[EXERCISE AIM]
Pick every line out of the entries below that holds the string "measurable", and report them.

[DATA RECORDS]
(* Let $\mathfrak c\in\mathfrak C$ and let $h$ be a bounded measurable function on $\mathbb R$. Then the series $\sum_{i=1}^{N_+}\mathcal E^+_{\mathfrak c,i}h-\sum_{i=1}^{N_-}\mathcal E^-_{\mathfrak c,i}h$ converges in $L^2(\mathbb R^2)$, so that $\mathcal E_{\mathfrak c}h:=\sum_{i=1}^{N_+}\mathcal E^+_{\mathfrak c,i}h-\sum_{i=1}^{N_-}\mathcal E^-_{\mathfrak c,i}h\in L^2(\mathbb R^2)$.
   Context: $\mathfrak C$ is the set of smooth maps $\mathfrak c=(\mathfrak c_1,\mathfrak c_2):\mathbb R\to\mathbb R^2$ with $\operatorname{supp}\dot{\mathfrak c}\subset[0,1]$ and $\mathfrak c_1(t)>0$ for all $t$. Let $T_\pm=\{t\in(0,1):\pm\dot{\mathfrak c}_2(t)>0\}$; each is a disjoint union of at most countably many open intervals, $T_\pm=\bigcup_{i=1}^{N_\pm}I_{\pm,i}$ with $N_\pm\in\mathbb N\cup\{\infty\}$ (on each $I_{\pm,i}$, $\mathfrak c_2$ is strictly monotone). For $x=(x_1,x_2)\in\mathbb R^2$ define $(\mathcal E^\pm_{\mathfrak c,i}h)(x):=h(t)$ if there is $t\in I_{\pm,i}$ with $\mathfrak c_2(t)=x_2$ and $0\le x_1\le\mathfrak c_1(t)$, and $(\mathcal E^\pm_{\mathfrak c,i}h)(x):=0$ otherwise. *)

theory Defs
  imports "HOL-Analysis.Analysis" "HOL-Library.Extended_Nat"
begin

definition smooth_fun :: "(real \<Rightarrow> real) \<Rightarrow> bool" where
  "smooth_fun f \<longleftrightarrow> (\<forall>k. \<forall>t. ((deriv ^^ k) f) differentiable (at t))"

definition curve_class :: "(real \<Rightarrow> real) \<Rightarrow> (real \<Rightarrow> real) \<Rightarrow> bool" where
  "curve_class c1 c2 \<longleftrightarrow> smooth_fun c1 \<and> smooth_fun c2
     \<and> closure {t. deriv c1 t \<noteq> 0 \<or> deriv c2 t \<noteq> 0} \<subseteq> {0..1}
     \<and> (\<forall>t. c1 t > 0)"

definition T_plus :: "(real \<Rightarrow> real) \<Rightarrow> real set" where
  "T_plus c2 = {t \<in> {0<..<1}. deriv c2 t > 0}"

definition T_minus :: "(real \<Rightarrow> real) \<Rightarrow> real set" where
  "T_minus c2 = {t \<in> {0<..<1}. deriv c2 t < 0}"

definition E_op :: "real set \<Rightarrow> (real \<Rightarrow> real) \<Rightarrow> (real \<Rightarrow> real) \<Rightarrow> (real \<Rightarrow> real)
                     \<Rightarrow> real \<times> real \<Rightarrow> real" where
  "E_op I c1 c2 h x =
     (if \<exists>t\<in>I. c2 t = snd x \<and> 0 \<le> fst x \<and> fst x \<le> c1 t
      then h (SOME t. t \<in> I \<and> c2 t = snd x \<and> 0 \<le> fst x \<and> fst x \<le> c1 t)
      else 0)"
(* Let $k\ge0$, $\hat y\in Y$, and $\bar\lambda_k=\lambda+\frac{2\tau_k\mathsf D^k}{k!}\mathbb 1\{k\ge1\}$. Assume: (i) $\nabla_x f$ exists and $\|\nabla_x f(x',y')-\nabla_x f(x,y)\|\le\lambda\|x'-x\|+\mu\|y'-y\|$ for all $x,x'\in X$, $y,y'\in Y$; (ii) $\nabla^k_{y\cdots y}f$ exists and $\|\nabla^k_{y\cdots y}f(x',y')-\nabla^k_{y\cdots y}f(x,y)\|\le\rho_k\|y'-y\|+\sigma_k\|x'-x\|$ (possibly with $\rho_k=\infty$), and $\nabla^k_{y\cdots y}f(\cdot,y)$ is absolutely continuous for every $y$; (iii) if $k\ge1$: $\nabla^{k+1}_{xy\cdots y}f$ exists with $\|\nabla^{k+1}_{xy\cdots y}f(x',y)-\nabla^{k+1}_{xy\cdots y}f(x,y)\|\le\tau_k\|x'-x\|$, the set $\{(x,y):x\in X,y\in Y'_x\}$ is Lebesgue measurable where $Y'_x$ is the set of $y$ at which $\nabla^{k+2}_{xxy\cdots y}f(x,y)$ does not exist, and $\nabla^k_{y\cdots y}f(x,\cdot)$ is continuous for every $x$. Then for any $x^*\in X$ with $\|\nabla\hat\varphi_{2\bar\lambda_k}(x^* )\|\le\varepsilon$, $$\|\nabla\varphi_{2\bar\lambda_k}(x^* )-\nabla\hat\varphi_{2\bar\lambda_k}(x^* )\|\le\begin{cases}4\Big(\mu\mathsf D+\dfrac{2\sigma_k\mathsf D^k}{k!}+\varepsilon\Big)&\text{when }k\ge1,\\[4pt] 4\big(\min\{\mu\mathsf D,2\sigma_0\}+\varepsilon\big)&\text{when }k=0.\end{cases}$$
   Context: Let $E_x,E_y$ be finite-dimensional Euclidean spaces with Euclidean norms; for tensors $\|\cdot\|$ is the induced operator norm. Let $X\subseteq E_x$, $Y\subseteq E_y$ be convex with nonempty interior, $Y$ compact, $\mathsf D\ge\mathrm{diam}(Y)$, $f:X\times Y\to\mathbb R$. $\nabla^j_{y\cdots y}f$ denotes the tensor of $j$-th order partial derivatives in $y$, and $\nabla^{k+1}_{xy\cdots y}f$, $\nabla^{k+2}_{xxy\cdots y}f$ those with additionally one, resp. two, derivatives in $x$. For $\hat y\in Y$, $\hat f_k(x,y)=\sum_{j=0}^k\frac1{j!}\nabla^j_{y\cdots y}f(x,\hat y)[(y-\hat y)^j]$ ($T[v^j]=T[v,\dots,v]$). Primal functions: $\varphi(x)=\max_{y\in Y}f(x,y)$, $\hat\varphi(x)=\max_{y\in Y}\hat f_k(x,y)$. For a function $\phi:X\to\mathbb R$ that is $c$-weakly convex ($\phi+\frac c2\|\cdot\|^2$ convex) with $c<\bar\lambda$, the Moreau envelope is $\phi_{\bar\lambda}(x)=\min_{u\in X}\{\phi(u)+\frac{\bar\lambda}2\|u-x\|^2\}$, which is differentiable. *)

theory Defs
  imports "HOL-Analysis.Analysis"
begin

[OUTPUT FOR THIS EXERCISE]
(* Let $\mathfrak c\in\mathfrak C$ and let $h$ be a bounded measurable function on $\mathbb R$. Then the series $\sum_{i=1}^{N_+}\mathcal E^+_{\mathfrak c,i}h-\sum_{i=1}^{N_-}\mathcal E^-_{\mathfrak c,i}h$ converges in $L^2(\mathbb R^2)$, so that $\mathcal E_{\mathfrak c}h:=\sum_{i=1}^{N_+}\mathcal E^+_{\mathfrak c,i}h-\sum_{i=1}^{N_-}\mathcal E^-_{\mathfrak c,i}h\in L^2(\mathbb R^2)$.
(* Let $k\ge0$, $\hat y\in Y$, and $\bar\lambda_k=\lambda+\frac{2\tau_k\mathsf D^k}{k!}\mathbb 1\{k\ge1\}$. Assume: (i) $\nabla_x f$ exists and $\|\nabla_x f(x',y')-\nabla_x f(x,y)\|\le\lambda\|x'-x\|+\mu\|y'-y\|$ for all $x,x'\in X$, $y,y'\in Y$; (ii) $\nabla^k_{y\cdots y}f$ exists and $\|\nabla^k_{y\cdots y}f(x',y')-\nabla^k_{y\cdots y}f(x,y)\|\le\rho_k\|y'-y\|+\sigma_k\|x'-x\|$ (possibly with $\rho_k=\infty$), and $\nabla^k_{y\cdots y}f(\cdot,y)$ is absolutely continuous for every $y$; (iii) if $k\ge1$: $\nabla^{k+1}_{xy\cdots y}f$ exists with $\|\nabla^{k+1}_{xy\cdots y}f(x',y)-\nabla^{k+1}_{xy\cdots y}f(x,y)\|\le\tau_k\|x'-x\|$, the set $\{(x,y):x\in X,y\in Y'_x\}$ is Lebesgue measurable where $Y'_x$ is the set of $y$ at which $\nabla^{k+2}_{xxy\cdots y}f(x,y)$ does not exist, and $\nabla^k_{y\cdots y}f(x,\cdot)$ is continuous for every $x$. Then for any $x^*\in X$ with $\|\nabla\hat\varphi_{2\bar\lambda_k}(x^* )\|\le\varepsilon$, $$\|\nabla\varphi_{2\bar\lambda_k}(x^* )-\nabla\hat\varphi_{2\bar\lambda_k}(x^* )\|\le\begin{cases}4\Big(\mu\mathsf D+\dfrac{2\sigma_k\mathsf D^k}{k!}+\varepsilon\Big)&\text{when }k\ge1,\\[4pt] 4\big(\min\{\mu\mathsf D,2\sigma_0\}+\varepsilon\big)&\text{when }k=0.\end{cases}$$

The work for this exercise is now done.